Dados de relatórios anuais da ANS (Agência Nacional de Saúde Suplementar) compilados pela Folha revelam que o número de consultas psiquiátricas cobertas pelos planos saltou de 2,9 milhões em 2012 para 4,5 milhões em 2017 —um volume de 1,4 milhão de novos atendimentos.
O aumento de 54% é o quíntuplo dos 10% registrados no mesmo período pelas consultas de forma geral.
“O mercado de trabalho está em mutação. Metas associadas a desempenho se tornaram mais comuns, e as plataformas digitais permitem acesso quase ilimitado aos funcionários”, afirma Benedito Brunca, subsecretáriogeral de Previdência Social.

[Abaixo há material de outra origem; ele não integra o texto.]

lemma sum_if_trichotomy:
  fixes f :: "'a \<Rightarrow> 'b :: linorder" and \<alpha> \<beta> \<gamma> :: "'c :: comm_semiring_1"
  assumes "finite I"
  shows "(\<Sum>i\<in>I. if r < f i then \<alpha> else if f i < r then \<beta> else \<gamma>)
    = of_nat (card {i\<in>I. r < f i}) * \<alpha> + of_nat (card {i\<in>I. f i < r}) * \<beta>
      + of_nat (card {i\<in>I. f i = r}) * \<gamma>"
proof -
  have "(if r < f i then \<alpha> else if f i < r then \<beta> else \<gamma>)
      = (if r < f i then \<alpha> else 0) + (if f i < r then \<beta> else 0) + (if f i = r then \<gamma> else 0)" for i
    by auto
  then show ?thesis
    using assms by (simp add: sum.distrib sum.inter_filter[symmetric])
qed

lemma card_trichotomy:
  fixes f :: "'a \<Rightarrow> 'b :: linorder"
  assumes "finite I"
  shows "card {i\<in>I. r < f i} + card {i\<in>I. f i < r} + card {i\<in>I. f i = r} = card I"
  using sum_if_trichotomy[OF assms, of r f "1 :: nat" 1 1] unfolding if_cancel by simp

definition optimal_bundle :: "real \<Rightarrow> real \<Rightarrow> real \<Rightarrow> real \<times> real \<Rightarrow> bool" where
  "optimal_bundle q r c x \<longleftrightarrow> nonneg2 x \<and> dotp (r, 1 - r) x \<le> c
     \<and> (\<forall>y. nonneg2 y \<and> dotp (r, 1 - r) y \<le> c \<longrightarrow> dotp (q, 1 - q) y \<le> dotp (q, 1 - q) x)"

lemma optimal_bundle_iff:
  "optimal_bundle q r c (u, w) \<longleftrightarrow> 0 \<le> u \<and> 0 \<le> w \<and> r * u + (1 - r) * w \<le> c
     \<and> (\<forall>y1 y2. 0 \<le> y1 \<longrightarrow> 0 \<le> y2 \<longrightarrow> r * y1 + (1 - r) * y2 \<le> c
          \<longrightarrow> q * y1 + (1 - q) * y2 \<le> q * u + (1 - q) * w)"
  by (auto simp: optimal_bundle_def nonneg2_def dotp_def)

lemma optimal_bundle_swap:
  "optimal_bundle q r c (u, w) \<longleftrightarrow> optimal_bundle (1 - q) (1 - r) c (w, u)"
  unfolding optimal_bundle_iff by (auto simp: algebra_simps)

Segundo ele, o problema é que a busca por maior produtividade tem gerado efeitos colaterais negativos.
A alta no número de afastamentos de profissionais avaliados como psicologicamente incapazes de se manter na ativa também chama a atenção.

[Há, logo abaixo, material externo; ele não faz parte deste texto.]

definition has_halfspace_depth ::
  "real \<times> real \<Rightarrow> (int \<times> int) multiset \<Rightarrow> nat \<Rightarrow> bool" where
  "has_halfspace_depth p A t \<longleftrightarrow>
     (\<forall>a b. a \<noteq> 0 \<longrightarrow> p \<in> closed_halfplane a b \<longrightarrow>
        t \<le> size (filter_mset (\<lambda>q. lattice_pt q \<in> closed_halfplane a b) A))"

end

theory Submission
  imports Defs
begin

(* Number the points q_0, ..., q_(n-1) of A by increasing angle around p and continue their
  angles to a nondecreasing sequence x_k on all of \<nat> with x_(k+n) = x_k + 2 pi. Depth m forces
  x_(k+m) - x_k \<le> pi: otherwise the closed half-plane through p facing the midpoint of that arc
  would only contain the m - 1 points strictly inside it. From this, a greedy choice of two
  shifts a, b \<ge> m with a + b + m \<le> n makes each triple t, t + a, t + a + b (t < m) go around p
  in steps of at most pi, so p lies in the triangle it spans. *)

definition dir :: "real \<Rightarrow> real \<times> real" where
  "dir \<theta> = (cos \<theta>, sin \<theta>)"

definition angle_at :: "real \<times> real \<Rightarrow> real \<times> real \<Rightarrow> real" where
  "angle_at p q = Arg (Complex (fst (q - p)) (snd (q - p)))"

lemma angle_at_bounded: "- pi < angle_at p q \<and> angle_at p q \<le> pi"
  unfolding angle_at_def by (rule Arg_bounded)

lemma polar_form: "q = p + norm (q - p) *\<^sub>R dir (angle_at p q)"
proof -
  define z where "z = Complex (fst (q - p)) (snd (q - p))"
  have "norm (q - p) = cmod z"
    by (cases p, cases q) (simp add: z_def norm_Pair cmod_def)
  moreover have "Re z = cmod z * cos (Arg z)" "Im z = cmod z * sin (Arg z)"
    using rcis_cmod_Arg[of z] Re_rcis Im_rcis by metis+
  ultimately show ?thesis
    by (simp add: angle_at_def dir_def prod_eq_iff flip: z_def) (simp add: z_def)
qed

lemma dir_add_multiple_2pi: "dir (\<theta> + 2 * pi * of_int k) = dir \<theta>"
  by (simp add: dir_def cos_add sin_add)

lemma dir_add_pi: "dir (\<theta> + pi) = - dir \<theta>"
  by (simp add: dir_def)

lemma inner_dir: "dir \<alpha> \<bullet> dir \<beta> = cos (\<alpha> - \<beta>)"
  by (simp add: dir_def cos_diff)

lemma dir_neq_zero: "dir \<theta> \<noteq> 0"
  using inner_dir[of \<theta> \<theta>] by auto

lemma convex_hull_opposite_rays:
  fixes p u :: "'a::real_vector"
  assumes "r > 0" "r' > 0"
  shows "p \<in> convex hull {p + r *\<^sub>R u, p - r' *\<^sub>R u}"
proof -
  have "p = (r' / (r + r')) *\<^sub>R (p + r *\<^sub>R u) + (r / (r + r')) *\<^sub>R (p - r' *\<^sub>R u)"
    using assms by (simp add: algebra_simps flip: scaleR_add_left add_divide_distrib)
  moreover have "r' / (r + r') + r / (r + r') = 1"
    using assms by (simp flip: add_divide_distrib)
  ultimately show ?thesis
    using assms unfolding convex_hull_2 by (intro CollectI exI[of _ "r' / (r + r')"] exI[of _ "r / (r + r')"]) auto
qed

lemma in_convex_hull_3_if_balanced:
  fixes p a b c :: "'a::real_vector"
  assumes "u \<ge> 0" "v \<ge> 0" "w \<ge> 0" "u + v + w > 0"
    and "u *\<^sub>R (a - p) + v *\<^sub>R (b - p) + w *\<^sub>R (c - p) = 0"
  shows "p \<in> convex hull {a, b, c}"
proof -
  define S where "S = u + v + w"
  have "u *\<^sub>R a + v *\<^sub>R b + w *\<^sub>R c = S *\<^sub>R p"
    using assms(5) by (simp add: S_def algebra_simps)
  then have "(1 / S) *\<^sub>R (u *\<^sub>R a + v *\<^sub>R b + w *\<^sub>R c) = p"
    using assms(4) by (simp add: S_def)
  then have "p = (u / S) *\<^sub>R a + (v / S) *\<^sub>R b + (w / S) *\<^sub>R c"
    by (simp add: scaleR_add_right)
  moreover have "u / S + v / S + w / S = 1"
    using assms(4) by (simp add: S_def flip: add_divide_distrib)
  ultimately show ?thesis
    using assms(1-4) unfolding convex_hull_3 S_def by (intro CollectI exI) auto
qed

lemma sine_weighted_dir_sum:
  "sin (\<gamma> - \<beta>) *\<^sub>R dir \<alpha> + sin (\<alpha> - \<gamma>) *\<^sub>R dir \<beta> + sin (\<beta> - \<alpha>) *\<^sub>R dir \<gamma> = 0"
  by (simp add: dir_def sin_diff algebra_simps zero_prod_def)

lemma convex_hull_three_directions:
  assumes r: "r1 > 0" "r2 > 0" "r3 > 0"
    and ord: "\<alpha> \<le> \<beta>" "\<beta> \<le> \<gamma>"
    and arcs: "\<beta> - \<alpha> \<le> pi" "\<gamma> - \<beta> \<le> pi" "pi \<le> \<gamma> - \<alpha>"
  shows "p \<in> convex hull {p + r1 *\<^sub>R dir \<alpha>, p + r2 *\<^sub>R dir \<beta>, p + r3 *\<^sub>R dir \<gamma>}"
    (is "p \<in> convex hull {?a, ?b, ?c}")
proof (cases "sin (\<beta> - \<alpha>) = 0")
  case True
  then have "\<beta> = \<alpha> \<or> \<beta> = \<alpha> + pi"
    using sin_gt_zero[of "\<beta> - \<alpha>"] ord arcs by force
  then show ?thesis
  proof
    assume "\<beta> = \<alpha>"
    then have "\<gamma> = \<alpha> + pi"
      using arcs by simp
    then have "?c = p - r3 *\<^sub>R dir \<alpha>"
      by (simp add: dir_add_pi)
    then have "p \<in> convex hull {?a, ?c}"
      using convex_hull_opposite_rays[OF r(1,3)] by simp
    then show ?thesis by (rule rev_subsetD[OF _ hull_mono]) auto
  next
    assume "\<beta> = \<alpha> + pi"
    then have "?b = p - r2 *\<^sub>R dir \<alpha>"
      by (simp add: dir_add_pi)
    then have "p \<in> convex hull {?a, ?b}"
      using convex_hull_opposite_rays[OF r(1,2)] by simp
    then show ?thesis by (rule rev_subsetD[OF _ hull_mono]) auto
  qed
next
  case False
  have "sin (\<gamma> - \<beta>) \<ge> 0" "sin (\<beta> - \<alpha>) \<ge> 0"
    using ord arcs by (auto intro: sin_ge_zero)
  moreover have "sin (\<alpha> - \<gamma>) \<ge> 0"
    using sin_ge_zero[of "\<alpha> + 2 * pi - \<gamma>"] ord arcs by (simp add: diff_add_eq[symmetric])
  ultimately show ?thesis
    using False r sine_weighted_dir_sum[of \<gamma> \<beta> \<alpha>]
    by (intro in_convex_hull_3_if_balanced[where u = "sin (\<gamma> - \<beta>) / r1"
          and v = "sin (\<alpha> - \<gamma>) / r2" and w = "sin (\<beta> - \<alpha>) / r3"])
      (auto intro!: add_nonneg_pos)
qed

Nos primeiros nove meses deste ano, o INSS concedeu 8.015 licenças para o tratamento de transtornos mentais e comportamentais adquiridos no ambiente de trabalho —alta de 12% em relação ao mesmo período de de 2017.
O conjunto de males que inclui depressão e ansiedade saltou de 4,8% do total de novas aprovações desses benefícios —auxílios-doença acidentários— nos primeiros três trimestres do ano passado para 5,2% no mesmo período de 2018.
Embora permaneçam em terceiro lugar entre as doenças causadas pelo próprio emprego —atrás de lesões e problemas musculares—, a parcela de afastamentos por transtornos mentais tem aumentado.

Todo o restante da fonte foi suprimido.